text \<open>An innermost redex \<open>l \<cdot> \<theta>\<close> inside the inner redex yields the intermediate term \<open>v\<close>:
  both resulting peaks are prime.\<close>
lemma nested_peak:
  fixes R E E' :: "('f, 'v) rule set"
  assumes inf: "infinite (UNIV :: 'v set)"
    and outer: "(lo, ro) \<in> E" and vars_ro: "vars_term ro \<subseteq> vars_term lo"
    and q: "in_poss q (lo \<cdot> \<theta>o)" and redex: "subt_at (lo \<cdot> \<theta>o) q = li \<cdot> \<theta>i"
    and inner: "(li, ri) \<in> E'" and vars_ri: "vars_term ri \<subseteq> vars_term li"
    and not_NF: "li \<cdot> \<theta>i \<notin> NF R"
  obtains v where "(lo \<cdot> \<theta>o, v) \<in> rstep R"
    and "joinable_or_PCP R E' v (replace_at (lo \<cdot> \<theta>o) q (ri \<cdot> \<theta>i))"
    and "joinable_or_PCP R E v (ro \<cdot> \<theta>o)"
proof -
  obtain q' l r \<theta> where q': "in_poss q' (li \<cdot> \<theta>i)"
    and lr: "(l, r) \<in> R" "subt_at (li \<cdot> \<theta>i) q' = l \<cdot> \<theta>" "proper_subterms_NF R (l \<cdot> \<theta>)"
    using innermost_redex[OF not_NF] by blast
  have qq': "in_poss (q @ q') (lo \<cdot> \<theta>o)" "subt_at (lo \<cdot> \<theta>o) (q @ q') = l \<cdot> \<theta>"
    using nested_pos[OF q redex] q' lr(2) by simp_all
  let ?v = "replace_at (lo \<cdot> \<theta>o) (q @ q') (r \<cdot> \<theta>)"
  show ?thesis
  proof (rule that)
    show "(lo \<cdot> \<theta>o, ?v) \<in> rstep R"
      using qq' lr by (intro rstepI[OF lr(1), of "q @ q'" _ \<theta>]) simp_all
    have "joinable_or_PCP R E' (replace_at (li \<cdot> \<theta>i) q' (r \<cdot> \<theta>)) (ri \<cdot> \<theta>i)"
      using prime_peak_joinable_or_PCP[OF inf inner vars_ri q' lr(2,1,3)] .
    from joinable_or_PCP_replace_at[OF this q]
    show "joinable_or_PCP R E' ?v (replace_at (lo \<cdot> \<theta>o) q (ri \<cdot> \<theta>i))"
      by (simp add: nested_pos(3)[OF q redex])
    show "joinable_or_PCP R E ?v (ro \<cdot> \<theta>o)"
      using prime_peak_joinable_or_PCP[OF inf outer vars_ro qq' lr(1,3)] .
  qed
qed

lemma rule_peak_nabla:
  fixes R :: "('f, 'v) rule set"
  assumes inf: "infinite (UNIV :: 'v set)" and trs: "wf_trs R"
    and outer: "(lo, ro) \<in> R" and q: "in_poss q (lo \<cdot> \<theta>o)"
    and redex: "subt_at (lo \<cdot> \<theta>o) q = li \<cdot> \<theta>i" and inner: "(li, ri) \<in> R"
  shows "\<exists>v. nabla R (lo \<cdot> \<theta>o) (ro \<cdot> \<theta>o) v \<and> nabla R (lo \<cdot> \<theta>o) v (replace_at (lo \<cdot> \<theta>o) q (ri \<cdot> \<theta>i))"
proof -
  obtain v where v: "(lo \<cdot> \<theta>o, v) \<in> rstep R"
    and "joinable_or_PCP R R v (replace_at (lo \<cdot> \<theta>o) q (ri \<cdot> \<theta>i))" "joinable_or_PCP R R v (ro \<cdot> \<theta>o)"
    using nested_peak[OF inf outer wf_trs_vars[OF trs outer] q redex inner wf_trs_vars[OF trs inner]
        rule_instance_not_NF[OF inner]] .
  moreover have "(lo \<cdot> \<theta>o, ro \<cdot> \<theta>o) \<in> rstep R" "(lo \<cdot> \<theta>o, replace_at (lo \<cdot> \<theta>o) q (ri \<cdot> \<theta>i)) \<in> rstep R"
    using rstepI[OF outer, of "[]" _ \<theta>o] rstepI[OF inner q redex] by simp_all
  ultimately show ?thesis
    using joinable_or_PCP_R joinable_sym sym_step_sym unfolding nabla_def by (metis r_into_trancl)
qed

lemma equation_rule_peak_nabla:
  fixes R B :: "('f, 'v) rule set"
  assumes inf: "infinite (UNIV :: 'v set)" and trs: "wf_trs R" and bal: "var_balanced B"
    and outer: "(lo, ro) \<in> sym_es B" and q: "in_poss q (lo \<cdot> \<theta>o)"
    and redex: "subt_at (lo \<cdot> \<theta>o) q = li \<cdot> \<theta>i" and inner: "(li, ri) \<in> R"
  shows "\<exists>v. nabla R (lo \<cdot> \<theta>o) (replace_at (lo \<cdot> \<theta>o) q (ri \<cdot> \<theta>i)) v \<and>
             nabla_tilde R B (lo \<cdot> \<theta>o) v (ro \<cdot> \<theta>o)"
proof -
  obtain v where v: "(lo \<cdot> \<theta>o, v) \<in> rstep R"
    and "joinable_or_PCP R R v (replace_at (lo \<cdot> \<theta>o) q (ri \<cdot> \<theta>i))"
      "joinable_or_PCP R (sym_es B) v (ro \<cdot> \<theta>o)"
    using nested_peak[OF inf outer sym_es_vars[OF bal outer] q redex inner wf_trs_vars[OF trs inner]
        rule_instance_not_NF[OF inner]] .
  moreover have "(lo \<cdot> \<theta>o, ro \<cdot> \<theta>o) \<in> sym_step B"
    using rstepI[OF outer, of "[]" _ \<theta>o] by (simp add: sym_step_eq_rstep_sym_es)
  moreover have "(lo \<cdot> \<theta>o, replace_at (lo \<cdot> \<theta>o) q (ri \<cdot> \<theta>i)) \<in> rstep R"
    by (rule rstepI[OF inner q redex refl])
  ultimately show ?thesis
    using joinable_or_PCP_R joinable_or_PCP_sym_es joinable_sym sym_step_sym
    unfolding nabla_def nabla_tilde_def by (metis r_into_trancl r_into_rtrancl)
qed

lemma left_linear_variable_peak:
  assumes ll: "left_linear R" and outer: "(lo, ro) \<in> R"
    and q: "in_poss q lo" and x: "subt_at lo q = Var x" and step: "(\<theta> x, u) \<in> rstep E"
  shows "(replace_at (lo \<cdot> \<theta>) q u, ro \<cdot> \<theta>(x := u)) \<in> rstep R"
    and "(ro \<cdot> \<theta>, ro \<cdot> \<theta>(x := u)) \<in> (rstep E)\<^sup>*"
proof -
  have "linear_term lo" using ll outer by (auto simp: left_linear_def)
  from linear_replace_at_var[OF this q x] show "(replace_at (lo \<cdot> \<theta>) q u, ro \<cdot> \<theta>(x := u)) \<in> rstep R"
    using rstepI[OF outer, of "[]" _ "\<theta>(x := u)"] by simp
  show "(ro \<cdot> \<theta>, ro \<cdot> \<theta>(x := u)) \<in> (rstep E)\<^sup>*"
    using step by (intro subst_rsteps) auto
qed

text \<open>Below a variable of the rule, the equation step would have to be copied to every occurrence
  of the variable before the rule applies again; left-linearity makes the occurrence unique.\<close>
lemma rule_NF_equation_peak:
  fixes R B :: "('f, 'v) rule set"
  assumes inf: "infinite (UNIV :: 'v set)" and ll: "left_linear R"
    and outer: "(lo, ro) \<in> R" and vars_ro: "vars_term ro \<subseteq> vars_term lo"
    and q: "in_poss q (lo \<cdot> \<theta>o)" and redex: "subt_at (lo \<cdot> \<theta>o) q = lb \<cdot> \<theta>b"
    and inner: "(lb, rb) \<in> sym_es B" and NF: "lb \<cdot> \<theta>b \<in> NF R"
  shows "joinable_mod R B (ro \<cdot> \<theta>o) (replace_at (lo \<cdot> \<theta>o) q (rb \<cdot> \<theta>b)) \<or>
         (ro \<cdot> \<theta>o, replace_at (lo \<cdot> \<theta>o) q (rb \<cdot> \<theta>b)) \<in> sym_step (PCP_pm R B)"
  using q
proof (cases rule: in_poss_subst_cases)
  case 1
  have "rstep (PCP_gen R (sym_es B) R) \<subseteq> rstep (PCP_pm R B)"
    by (rule rstep_mono) (simp add: PCP_pm_def)
  with critical_peak_PCP_gen[OF inf inner outer vars_ro 1 redex NF_imp_proper_subterms_NF[OF NF]]
  show ?thesis
    using joinable_mod_refl[of R B "ro \<cdot> \<theta>o"] unfolding sym_step_def by auto
next
  case (2 q1 q2 x)
  define u where "u = replace_at (\<theta>o x) q2 (rb \<cdot> \<theta>b)"
  have x: "subt_at (lo \<cdot> \<theta>o) q1 = \<theta>o x"
    using 2 by (simp add: subt_at_subst)
  have "(\<theta>o x, u) \<in> rstep (sym_es B)"
    using redex 2 x by (intro rstepI[OF inner, of q2 _ \<theta>b]) (simp_all add: subt_at_append in_poss_subst u_def)
  note join = left_linear_variable_peak[where \<theta> = \<theta>o, OF ll outer 2(2,3) this]
  have "replace_at (lo \<cdot> \<theta>o) q (rb \<cdot> \<theta>b) = replace_at (lo \<cdot> \<theta>o) q1 u"
    using 2 x by (simp add: replace_at_append in_poss_subst u_def)
  with join have "joinable_mod R B (ro \<cdot> \<theta>o) (replace_at (lo \<cdot> \<theta>o) q (rb \<cdot> \<theta>b))"
    unfolding joinable_mod_def sym_step_eq_rstep_sym_es
    by (intro exI[of _ "ro \<cdot> \<theta>o"] exI[of _ "ro \<cdot> \<theta>o(x := u)"] conjI) auto
  then show ?thesis ..
qed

* * *

Problem to solve »
Copy out the lines of the data where the string "this" occurs.

Written answer »
    from joinable_or_PCP_replace_at[OF this q]
  from linear_replace_at_var[OF this q x] show "(replace_at (lo \<cdot> \<theta>) q u, ro \<cdot> \<theta>(x := u)) \<in> rstep R"
  note join = left_linear_variable_peak[where \<theta> = \<theta>o, OF ll outer 2(2,3) this]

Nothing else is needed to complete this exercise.